Menurut Frans Hendra Wiarta, kebebasan
profesi advokat menjadi sangat penting artinya bagi masyarakat yang memerlukan
jasa hukum (legal services) dan
pembelaan (litigation) dari seorang
advokat. Masyarakat yang perlu dibela akan mendapat jasa hukum dari seorang
advokat independen yang membela semua kepentingan kliennya tanpa ragu-ragu.[10]
c.
Politik
Hukum Undang-Undang Nomor 18 Tahun 2003 Tentang Advokat
Hukum sebagai alat rekayasa sosial
merupakan fenomena yang menonjol pada masa kini. Pada masa tradisional, hukum
lebih merupakan pembadanan dari kaidah-kaidah sosial yang sudah tenteram di
dalam masyarakat. Dalam perkembangannya hingga saat ini, hukum telah menjadi
sarana yang sarat dengan keputusan politik.[11]

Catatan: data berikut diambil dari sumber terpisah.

lemma nn_integral_hermite_integrand_mult:
  "(\<integral>\<^sup>+t. ennreal (hermite_integrand a z t) \<partial>lborel) * (\<integral>\<^sup>+t. ennreal (hermite_integrand d z t) \<partial>lborel)
   = (\<integral>\<^sup>+q. ennreal (exp (-2 * z * q)) *
        (ennreal (indicator {0<..} q * q powr (a + d - 1)) * gauss_transform (beta_weight a d) q) \<partial>lborel)"
proof -
  have inner: "(\<integral>\<^sup>+s. ennreal (hermite_integrand a z s) * ennreal (hermite_integrand d z (q - s)) \<partial>lborel)
      = ennreal (exp (-2 * z * q)) *
        (ennreal (indicator {0<..} q * q powr (a + d - 1)) * gauss_transform (beta_weight a d) q)" for q
  proof (cases "0 < q")
    case True
    have "(\<integral>\<^sup>+s. ennreal (hermite_integrand a z s) * ennreal (hermite_integrand d z (q - s)) \<partial>lborel)
        = ennreal q * (\<integral>\<^sup>+s. ennreal (hermite_integrand a z (q * s) * hermite_integrand d z (q - q * s)) \<partial>lborel)"
      using True by (subst nn_integral_real_affine[where c=q and t=0])
        (auto simp: ennreal_mult''[symmetric] hermite_integrand_nonneg)
    also have "\<dots> = ennreal q * (\<integral>\<^sup>+s. ennreal (exp (-2 * z * q) * q powr (a + d - 2)) *
        (ennreal (exp (- (q\<^sup>2) * (s\<^sup>2 + (1 - s)\<^sup>2))) * ennreal (beta_weight a d s)) \<partial>lborel)"
      unfolding hermite_integrand_scale[OF True]
      by (simp add: ennreal_mult''[symmetric] beta_weight_nonneg del: ennreal_mult'')
    also have "\<dots> = ennreal (q * (exp (-2 * z * q) * q powr (a + d - 2))) * gauss_transform (beta_weight a d) q"
      using True by (simp add: gauss_transform_def nn_integral_cmult ennreal_mult'' mult.assoc)
    also have "q * (exp (-2 * z * q) * q powr (a + d - 2)) = exp (-2 * z * q) * q powr (a + d - 1)"
      using True by (simp add: powr_mult_base)
    finally show ?thesis
      using True by (simp add: ennreal_mult'' mult.assoc)
  next
    case False
    then have vanish: "hermite_integrand a z s * hermite_integrand d z (q - s) = 0" for s
      by (simp add: hermite_integrand_def indicator_def)
    show ?thesis
      using False by (simp add: ennreal_mult''[symmetric] hermite_integrand_nonneg vanish del: ennreal_mult'')
  qed
  show ?thesis
    by (simp add: nn_integral_mult_eq_convolution inner)
qed

lemma hermite_integrand_le_Gamma_integrand:
  "hermite_integrand a z t \<le> exp ((1 - 2 * z)\<^sup>2 / 4) * (indicator {0..} t * t powr (a - 1) / exp t)"
proof (cases "0 < t")
  case True
  have "- (t\<^sup>2) - 2 * t * z \<le> (1 - 2 * z)\<^sup>2 / 4 - t"
    using zero_le_power2[of "t - (1 - 2 * z) / 2"] by (simp add: power2_eq_square field_simps)
  then have "exp (- (t\<^sup>2) - 2 * t * z) \<le> exp ((1 - 2 * z)\<^sup>2 / 4) / exp t"
    by (simp add: exp_diff[symmetric])
  then have "exp (- (t\<^sup>2) - 2 * t * z) * t powr (a - 1) \<le> exp ((1 - 2 * z)\<^sup>2 / 4) / exp t * t powr (a - 1)"
    by (rule mult_right_mono) simp
  then show ?thesis
    using True by (simp add: hermite_integrand_def)
qed (simp add: hermite_integrand_def)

Munculnya Undang-Undang No. 18 Tahun 2003 tentang Advokat merupakan implementasi
dari kekuasaan kehakiman.
Kekuasaan kehakiman yang bebas dari
segala campur tangan pengaruh dari luar, memerlukan profesi advokat. Hal ini
adalah bentuk sinergisitas profesi advokat yang bebas, mandiri dan bertanggung
jawab untuk terselenggaranya suatu peradilan yang jujur, adil, dan memiliki
kepastian hukum bagi semua pencari keadilan dalam menegakkan hukum, kebenaran,
keadilan, dan hak asasi manusia.
Pada awal kemerdekaan, organisasi
profesi advokat di Indonesia menganut multi bar association system. Hal ini
ditandai dengan terbentuknya beberapa profesi advokat, dimulai dengan
terbentuknya Persatuan Advokat Indonesia (PAI) pada tanggal 14 Maret 1963 yang
kemudian digantikan oleh Persatuan Advoat Indonesia (PERADIN) pada tanggal 30
Agustus 1964.
Profesi advokat yang bebas, mandiri dan
bertanggung jawab dalam menegakkan hukum perlu dijamin dan dilindungi oleh
undang-undang demi terselenggaranya supermasi hukum.Kebebasan advokat juga telah diakui secara universal. Dalam Resolusi Konggres PBB tahun 1985
dinyatakan dengan tegas bahwa asas kebebasan advokat merupakan syarat mutlak
sebagai komponen atau bagian yang tidak terspisahkan dari kebebasan peradilan.[12]
Dalam realita kehidupan berbangsa dan
bernegara saat ini, profesi advokat yang kemudian diharapkan menjunjung tinggi
supermasi hukum, pada akhirnya jatuh dan dipandang sebagai penyumbang bobroknya
penegakkan hukum di Indonesia. Banyak advokat yang masuk kedalam pusaran suap yang
akhirnya berujung pada sikap skeptis masyarakat terhadap profesi ini. Selain
itu permasalahan yang paling krusial saat ini adalah tentang organisasi
advokat.
Menurut Gerry Spence keprofesionalan
para lawyers, menjadi kurang berarti, bahkan mengganggu apabila tidak diarahkan
kepada tujuan kemanusiaan yang lebih tinggi.[13]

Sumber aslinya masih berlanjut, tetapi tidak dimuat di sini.